• **Material supplied**:
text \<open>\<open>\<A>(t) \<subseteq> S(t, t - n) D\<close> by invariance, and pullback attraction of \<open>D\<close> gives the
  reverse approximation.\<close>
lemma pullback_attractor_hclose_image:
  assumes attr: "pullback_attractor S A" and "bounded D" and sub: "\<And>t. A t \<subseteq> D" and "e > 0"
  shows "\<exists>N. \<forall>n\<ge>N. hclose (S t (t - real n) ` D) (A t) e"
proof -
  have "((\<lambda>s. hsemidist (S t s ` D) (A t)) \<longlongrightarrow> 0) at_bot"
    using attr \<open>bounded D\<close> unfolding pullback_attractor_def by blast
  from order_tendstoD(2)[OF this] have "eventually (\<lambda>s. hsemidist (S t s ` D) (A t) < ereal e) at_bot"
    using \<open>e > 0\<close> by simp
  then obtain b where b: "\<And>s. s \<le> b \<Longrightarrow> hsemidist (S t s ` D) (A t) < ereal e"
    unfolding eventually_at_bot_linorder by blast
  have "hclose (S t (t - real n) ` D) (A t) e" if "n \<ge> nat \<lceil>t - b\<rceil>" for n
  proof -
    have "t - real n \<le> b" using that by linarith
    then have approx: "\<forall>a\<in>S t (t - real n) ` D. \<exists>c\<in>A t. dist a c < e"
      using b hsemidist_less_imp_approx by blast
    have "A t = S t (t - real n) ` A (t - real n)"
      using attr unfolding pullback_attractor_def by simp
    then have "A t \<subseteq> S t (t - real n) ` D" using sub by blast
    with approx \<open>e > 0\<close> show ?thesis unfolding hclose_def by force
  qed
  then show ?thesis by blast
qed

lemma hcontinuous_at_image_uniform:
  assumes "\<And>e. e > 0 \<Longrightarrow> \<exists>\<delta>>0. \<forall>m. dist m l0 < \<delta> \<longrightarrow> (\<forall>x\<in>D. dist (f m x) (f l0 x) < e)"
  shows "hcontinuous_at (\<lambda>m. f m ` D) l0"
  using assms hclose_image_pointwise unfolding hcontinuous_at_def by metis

...

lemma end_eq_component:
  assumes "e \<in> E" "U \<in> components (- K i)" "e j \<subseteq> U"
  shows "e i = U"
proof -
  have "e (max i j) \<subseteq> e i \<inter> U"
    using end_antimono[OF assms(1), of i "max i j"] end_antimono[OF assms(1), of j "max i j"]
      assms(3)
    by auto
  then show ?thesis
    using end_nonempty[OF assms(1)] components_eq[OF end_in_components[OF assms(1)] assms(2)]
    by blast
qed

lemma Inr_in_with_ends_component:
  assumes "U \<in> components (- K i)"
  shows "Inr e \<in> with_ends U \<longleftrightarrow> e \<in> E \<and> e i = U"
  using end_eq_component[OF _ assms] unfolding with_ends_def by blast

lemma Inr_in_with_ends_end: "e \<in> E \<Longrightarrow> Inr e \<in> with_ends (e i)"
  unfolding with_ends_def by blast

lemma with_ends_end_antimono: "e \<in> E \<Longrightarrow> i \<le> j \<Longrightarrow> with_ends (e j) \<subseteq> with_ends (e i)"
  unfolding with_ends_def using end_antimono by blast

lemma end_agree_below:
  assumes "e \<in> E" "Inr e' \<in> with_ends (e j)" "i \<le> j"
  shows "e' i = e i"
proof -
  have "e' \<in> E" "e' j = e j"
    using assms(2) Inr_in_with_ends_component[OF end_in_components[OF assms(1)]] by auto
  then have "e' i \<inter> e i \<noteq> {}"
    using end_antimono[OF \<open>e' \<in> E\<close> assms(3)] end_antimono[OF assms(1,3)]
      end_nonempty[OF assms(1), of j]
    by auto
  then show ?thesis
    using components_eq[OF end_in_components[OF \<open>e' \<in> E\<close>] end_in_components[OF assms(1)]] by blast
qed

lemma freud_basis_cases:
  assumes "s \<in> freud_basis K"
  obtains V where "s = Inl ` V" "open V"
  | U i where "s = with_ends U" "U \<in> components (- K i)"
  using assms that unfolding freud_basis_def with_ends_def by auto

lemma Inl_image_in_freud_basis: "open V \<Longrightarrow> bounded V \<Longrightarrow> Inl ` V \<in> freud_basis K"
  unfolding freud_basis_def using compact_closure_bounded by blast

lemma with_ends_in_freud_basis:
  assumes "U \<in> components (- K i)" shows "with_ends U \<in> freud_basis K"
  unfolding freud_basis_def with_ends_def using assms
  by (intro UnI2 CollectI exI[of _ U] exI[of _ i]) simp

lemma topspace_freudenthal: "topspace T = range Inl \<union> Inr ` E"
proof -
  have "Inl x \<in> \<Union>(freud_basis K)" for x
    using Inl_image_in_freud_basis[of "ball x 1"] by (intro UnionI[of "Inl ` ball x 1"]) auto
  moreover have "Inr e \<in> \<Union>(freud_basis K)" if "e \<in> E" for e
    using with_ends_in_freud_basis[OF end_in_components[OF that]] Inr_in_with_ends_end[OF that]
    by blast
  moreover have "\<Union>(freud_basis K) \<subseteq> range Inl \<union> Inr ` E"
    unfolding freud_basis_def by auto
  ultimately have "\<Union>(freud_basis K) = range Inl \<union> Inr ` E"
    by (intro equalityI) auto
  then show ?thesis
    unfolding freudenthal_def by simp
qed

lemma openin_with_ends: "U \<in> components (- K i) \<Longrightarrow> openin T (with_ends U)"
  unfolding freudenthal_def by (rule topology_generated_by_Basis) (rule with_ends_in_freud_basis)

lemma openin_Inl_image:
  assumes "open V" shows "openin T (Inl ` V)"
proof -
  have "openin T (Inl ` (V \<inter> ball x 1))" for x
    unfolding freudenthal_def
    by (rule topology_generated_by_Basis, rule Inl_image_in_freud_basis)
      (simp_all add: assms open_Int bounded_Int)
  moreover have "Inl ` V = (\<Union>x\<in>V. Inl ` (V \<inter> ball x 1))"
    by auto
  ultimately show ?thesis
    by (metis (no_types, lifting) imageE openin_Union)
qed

• **Instructions for the task**:
In the records above, find each line holding "intro" and copy it.

• **Response below**:
  by (intro UnI2 CollectI exI[of _ U] exI[of _ i]) simp
    using Inl_image_in_freud_basis[of "ball x 1"] by (intro UnionI[of "Inl ` ball x 1"]) auto
    by (intro equalityI) auto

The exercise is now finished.